Part II Question 8: Compare the trends in the data in your three plots. In which of the plots, position, velocity, or acceleration, does the value increase linearly with time? In which, if any, is the trend nonlinear? Did any of the plots show a constant value over time? The plot graph whose value increases linearly with time is velocity. The point where the trend is nonlinear is at approximately 1.43 seconds since it starts curving downwards from that point on. Question 9. How does one obtain the acceleration value from the linear fit of a graph of velocity vs time? (Refer to your textbook if necessary.) To obtain the acceleration value from the linear fit of a graph of velocity vs time, we have to look at the slope of the graph. The slope of the velocity graph shows the acceleration. For example, if an object is moving at the speed of +3 meters per second then the slope of the line will be +3 meters per second. Question 10. The fit line is a way of incorporating all data into a single best estimate of the acceleration. Let’s compare this to the instantaneous acceleration calculated at each moment. Look in the acceleration column of your Capstone data table, these are the instantaneous acceleration values. How are the instantaneous acceleration values similar or different to the single acceleration value obtained from the best-fit line? In Run 1, the instantaneous acceleration values are similar to the single acceleration value obtained from the best-fit line in that the slope value (0.485) is the same as most of the instantaneous acceleration values ranging from seconds 3 to 6. Velocity VS Time (TRIAL 1)
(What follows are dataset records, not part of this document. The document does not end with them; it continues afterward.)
lemma funpow_image_piece:
  assumes "continuous_on U f" and y: "y \<in> depth_set f U V (n + i)"
  shows "(f ^^ i) ` piece f U V (n + i) y \<subseteq> piece f U V n ((f ^^ i) y)"
proof -
  let ?P = "piece f U V (n + i) y"
  have sub: "?P \<subseteq> {z. \<forall>j<i. (f ^^ j) z \<in> U}"
    unfolding piece_def depth_set_def using connected_component_subset by fastforce
  have "connected ?P"
    by (simp add: piece_def)
  then have conn: "connected ((f ^^ i) ` ?P)"
    by (rule connected_continuous_image[OF continuous_on_subset[OF continuous_on_funpow[OF assms(1)] sub]])
  have mem: "(f ^^ i) y \<in> (f ^^ i) ` ?P"
    using y by (simp add: piece_def connected_component_refl)
  have "(f ^^ i) ` ?P \<subseteq> depth_set f U V n"
    using funpow_in_depth_set connected_component_subset unfolding piece_def by blast
  with mem conn show ?thesis
    unfolding piece_def by (rule connected_component_maximal)
qed

lemma acc_trans:
  assumes "continuous_on U f" "U \<subseteq> V" "y \<in> filled_set f U"
    and xy: "acc f U V x y" and yz: "acc f U V y z"
  shows "acc f U V x z"
  unfolding acc_def
proof
  fix n
  obtain i where i: "i \<ge> 1" "(f ^^ i) y \<in> piece f U V n z"
    using yz unfolding acc_def by blast
  obtain j where j: "j \<ge> 1" "(f ^^ j) x \<in> piece f U V (n + i) y"
    using xy unfolding acc_def by blast
  have "y \<in> depth_set f U V (n + i)"
    using assms(2,3) unfolding filled_set_def depth_set_def by blast
  then have "(f ^^ (i + j)) x \<in> piece f U V n ((f ^^ i) y)"
    using funpow_image_piece[OF assms(1)] j(2) by (fastforce simp: funpow_add)
  also have "piece f U V n ((f ^^ i) y) = piece f U V n z"
    using i(2) unfolding piece_def by (rule connected_component_eq)
  finally show "\<exists>j\<ge>1. (f ^^ j) x \<in> piece f U V n z"
    using i(1) by (intro exI[of _ "i + j"]) auto
qed

lemma jordan_domain_open_bounded: "jordan_domain D \<Longrightarrow> open D \<and> bounded D"
  unfolding jordan_domain_def
  by (metis bounded_inside compact_imp_bounded compact_imp_closed compact_path_image
      open_inside simple_path_imp_path)

lemma setup_mapD:
  assumes "setup_map f \<U> \<V>"
  shows setup_map_open_bounded: "\<And>D. D \<in> \<U> \<Longrightarrow> open D \<and> bounded D"
    and setup_map_closure_disjoint:
      "\<And>D D'. D \<in> \<U> \<Longrightarrow> D' \<in> \<U> \<Longrightarrow> D \<noteq> D' \<Longrightarrow> closure D \<inter> closure D' = {}"
    and setup_map_compact_closure: "compact (closure (\<Union>\<U>))"
    and setup_map_subset: "closure (\<Union>\<U>) \<subseteq> \<Union>\<V>"
    and setup_map_holomorphic: "f holomorphic_on \<Union>\<U>"
    and setup_map_image: "f ` \<Union>\<U> \<subseteq> \<Union>\<V>"
    and setup_map_proper: "\<And>K. K \<subseteq> \<Union>\<V> \<Longrightarrow> compact K \<Longrightarrow> compact {z \<in> \<Union>\<U>. f z \<in> K}"
    and setup_map_crit: "crit f (\<Union>\<U>) \<subseteq> filled_set f (\<Union>\<U>)"
  using assms unfolding setup_map_def by (simp_all add: jordan_domain_open_bounded)

lemma setup_map_frontier_disjoint:
  assumes sm: "setup_map f \<U> \<V>" and D: "D \<in> \<U>"
  shows "frontier D \<inter> \<Union>\<U> = {}"
proof -
  have "q \<notin> D'" if "q \<in> frontier D" "D' \<in> \<U>" for q D'
  proof (cases "D' = D")
    case True
    with that setup_map_open_bounded[OF sm D] show ?thesis
      by (simp add: frontier_def interior_open)
  next
    case False
    with that show ?thesis
      using setup_map_closure_disjoint[OF sm D] closure_subset[of D']
      unfolding frontier_def by blast
  qed
  then show ?thesis
    by blast
qed

text \<open>A constant value \<open>w\<close> on a component \<open>S\<close> of a domain of \<open>\<U>\<close> would make the closure of
  \<open>S\<close> lie in the compact fibre over \<open>w\<close>, hence in \<open>\<Union>\<U>\<close>; but the frontier of \<open>S\<close> is
  nonempty and lies on the frontier of the domain.\<close>

lemma setup_map_not_constant_on_component:
  assumes sm: "setup_map f \<U> \<V>" and D: "D \<in> \<U>" "p \<in> D"
  shows "\<not> f constant_on connected_component_set D p"
proof
  let ?S = "connected_component_set D p"
  assume "f constant_on ?S"
  then obtain w where w: "\<And>z. z \<in> ?S \<Longrightarrow> f z = w"
    unfolding constant_on_def by blast
  have S: "p \<in> ?S" "?S \<subseteq> \<Union>\<U>"
    using D connected_component_subset by (auto simp: connected_component_refl)
  then have "w \<in> \<Union>\<V>"
    using setup_map_image[OF sm] w[of p] by blast
  then have "closed {z \<in> \<Union>\<U>. f z \<in> {w}}"
    by (intro compact_imp_closed setup_map_proper[OF sm]) auto
  moreover have "?S \<subseteq> {z \<in> \<Union>\<U>. f z \<in> {w}}"
    using w S by auto
  ultimately have "closure ?S \<subseteq> {z \<in> \<Union>\<U>. f z \<in> {w}}"
    by (simp add: closure_minimal)
  moreover have "frontier ?S \<subseteq> closure ?S"
    unfolding frontier_def by blast
  moreover have "frontier ?S \<subseteq> frontier D"
    by (rule frontier_of_connected_component_subset)
  ultimately have "frontier ?S = {}"
    using setup_map_frontier_disjoint[OF sm D(1)] by blast
  have "bounded ?S"
    using setup_map_open_bounded[OF sm D(1)] by (intro bounded_subset[OF _ connected_component_subset]) auto
  then have "?S \<noteq> UNIV"
    by (metis not_bounded_UNIV)
  moreover have "?S \<noteq> {}"
    using S(1) by blast
  ultimately have "frontier ?S \<noteq> {}"
    by (intro frontier_not_empty)
  with \<open>frontier ?S = {}\<close> show False
    by contradiction
qed
text \<open>The relation for \<open>[B, C]\<close>: comparing coefficients in ladder degree \<open>0\<close>, \<open>\<plusminus>1\<close> and
  \<open>\<plusminus>2\<close> gives exactly the conditions (q5), (q4) and (q3).\<close>

lemma commutator_B_C:
  fixes A h \<rho> :: "int \<Rightarrow> complex" and M L :: nat
  assumes q3: "\<forall>n. fdiff A n - fdiff A (n + 1) = - \<beta>"
    and q4: "\<forall>n. fdiff A n * (h (n + 1) - h n) =
               - \<beta> * (h (n + 1) + h n) + (\<Sum>i=1..L. \<omega> i * (A (n + 1) ^ i + A n ^ i)) + \<eta>"
    and q5: "\<forall>n. 2 * \<Phi> (n + 1) * (\<rho> n)\<^sup>2 * fdiff A n - 2 * \<Phi> n * (\<rho> (n - 1))\<^sup>2 * fdiff A (n - 1) =
               \<zeta> + (\<Sum>i=1..M. lam i * A n ^ i) - \<beta> * (h n)\<^sup>2
               - \<beta> * ((\<rho> (n - 1))\<^sup>2 * \<Phi> n + (\<rho> n)\<^sup>2 * \<Phi> (n + 1))
               + \<eta> * h n + 2 * (\<Sum>j=1..L. \<omega> j * A n ^ j) * h n"
  shows "commutator (first_order h \<rho> \<rho>) (first_order (\<lambda>n. 0) (\<lambda>n. fdiff A n * \<rho> n) (\<lambda>n. - (\<rho> n * fdiff A n)))
    = (\<Sum>i=1..M. cscale (lam i) (F A ^ i)) - cscale \<beta> (first_order h \<rho> \<rho> ^ 2)
      + cscale \<eta> (first_order h \<rho> \<rho>)
      + (\<Sum>i=1..L. cscale (\<omega> i) (anticommutator (F A ^ i) (first_order h \<rho> \<rho>))) + cscale \<zeta> 1"
proof -
  have lhs: "commutator (first_order h \<rho> \<rho>) (first_order (\<lambda>n. 0) (\<lambda>n. fdiff A n * \<rho> n) (\<lambda>n. - (\<rho> n * fdiff A n)))
     = nf (\<lambda>n. 2 * \<Phi> (n + 1) * (\<rho> n)\<^sup>2 * fdiff A n - 2 * \<Phi> n * (\<rho> (n - 1))\<^sup>2 * fdiff A (n - 1))
          (\<lambda>n. \<rho> n * (fdiff A n * (h (n + 1) - h n))) (\<lambda>n. \<rho> n * (fdiff A n * (h (n + 1) - h n)))
          (\<lambda>n. \<rho> n * \<rho> (n + 1) * (fdiff A n - fdiff A (n + 1)))
          (\<lambda>n. \<rho> n * \<rho> (n + 1) * (fdiff A n - fdiff A (n + 1)))"
    unfolding commutator_def first_order_mult nf_diff
    by (simp add: power2_eq_square algebra_simps)
  have rhs: "(\<Sum>i=1..M. cscale (lam i) (F A ^ i)) - cscale \<beta> (first_order h \<rho> \<rho> ^ 2)
      + cscale \<eta> (first_order h \<rho> \<rho>)
      + (\<Sum>i=1..L. cscale (\<omega> i) (anticommutator (F A ^ i) (first_order h \<rho> \<rho>))) + cscale \<zeta> 1
     = nf (\<lambda>n. \<zeta> + (\<Sum>i=1..M. lam i * A n ^ i) - \<beta> * (h n)\<^sup>2
               - \<beta> * ((\<rho> (n - 1))\<^sup>2 * \<Phi> n + (\<rho> n)\<^sup>2 * \<Phi> (n + 1))
               + \<eta> * h n + 2 * (\<Sum>j=1..L. \<omega> j * A n ^ j) * h n)
          (\<lambda>n. \<rho> n * (- \<beta> * (h (n + 1) + h n) + (\<Sum>i=1..L. \<omega> i * (A (n + 1) ^ i + A n ^ i)) + \<eta>))
          (\<lambda>n. \<rho> n * (- \<beta> * (h (n + 1) + h n) + (\<Sum>i=1..L. \<omega> i * (A (n + 1) ^ i + A n ^ i)) + \<eta>))
          (\<lambda>n. \<rho> n * \<rho> (n + 1) * - \<beta>) (\<lambda>n. \<rho> n * \<rho> (n + 1) * - \<beta>)"
    by (simp add: anticommutator_F_first_order F_power F_const nf_cscale nf_add nf_diff nf_sum
        power2_eq_square first_order_mult F_sum flip: F_cscale)
      (simp add: nf_F nf_add algebra_simps sum_distrib_left sum_distrib_right sum.distrib)
  show ?thesis unfolding lhs rhs using q3 q4 q5 by simp
qed

end

lemma linear_profile:
  fixes A :: "int \<Rightarrow> complex"
  assumes "\<beta> = 0" "s\<^sup>2 = \<delta>" "\<forall>n. A n = s * of_int n + c1"
  shows "(fdiff A n)\<^sup>2 = \<delta> + \<beta> * (A n + A (n + 1))" and "fdiff A n - fdiff A (n + 1) = - \<beta>"
  using assms by (simp_all add: fdiff_def algebra_simps)

lemma quadratic_profile:
  fixes A :: "int \<Rightarrow> complex"
  assumes "\<beta> \<noteq> 0" "\<forall>n. A n = - \<beta> / 8 - \<delta> / (2 * \<beta>) + \<beta> / 2 * (of_int n + c1)\<^sup>2"
  shows "(fdiff A n)\<^sup>2 = \<delta> + \<beta> * (A n + A (n + 1))" and "fdiff A n - fdiff A (n + 1) = - \<beta>"
proof -
  have A: "A n = - \<beta> / 8 - \<delta> / (2 * \<beta>) + \<beta> / 2 * (of_int n + c1)\<^sup>2" for n
    using assms(2) by blast
  show "(fdiff A n)\<^sup>2 = \<delta> + \<beta> * (A n + A (n + 1))" "fdiff A n - fdiff A (n + 1) = - \<beta>"
    using assms(1) by (simp_all add: fdiff_def A field_simps power2_eq_square)
qed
Discussion: After completing this lab, we were able to measure the instantaneous speed and distance by evaluating the collected data from the experiments in Parts I and II. In Part I, we used the dot patterns on the paper tape, which was generated from the cart and pulled manually, to measure the speed. A ruler was then used to measure and compare them. The results determined that the manually pulled tape was faster than the cart because the dots were inconsistent and closer together whereas the tape pulled by the cart moved at a constant pace. In Part II, we noticed that the acceleration of the cart as it was traveling down the ramp was changing slightly initially. However, it slowly began to stabilize at a certain value since there were no other forces acting on it. As for velocity, our graphs demonstrated that the velocity data was linear and how it increased over time as the cart traveled down the ramp.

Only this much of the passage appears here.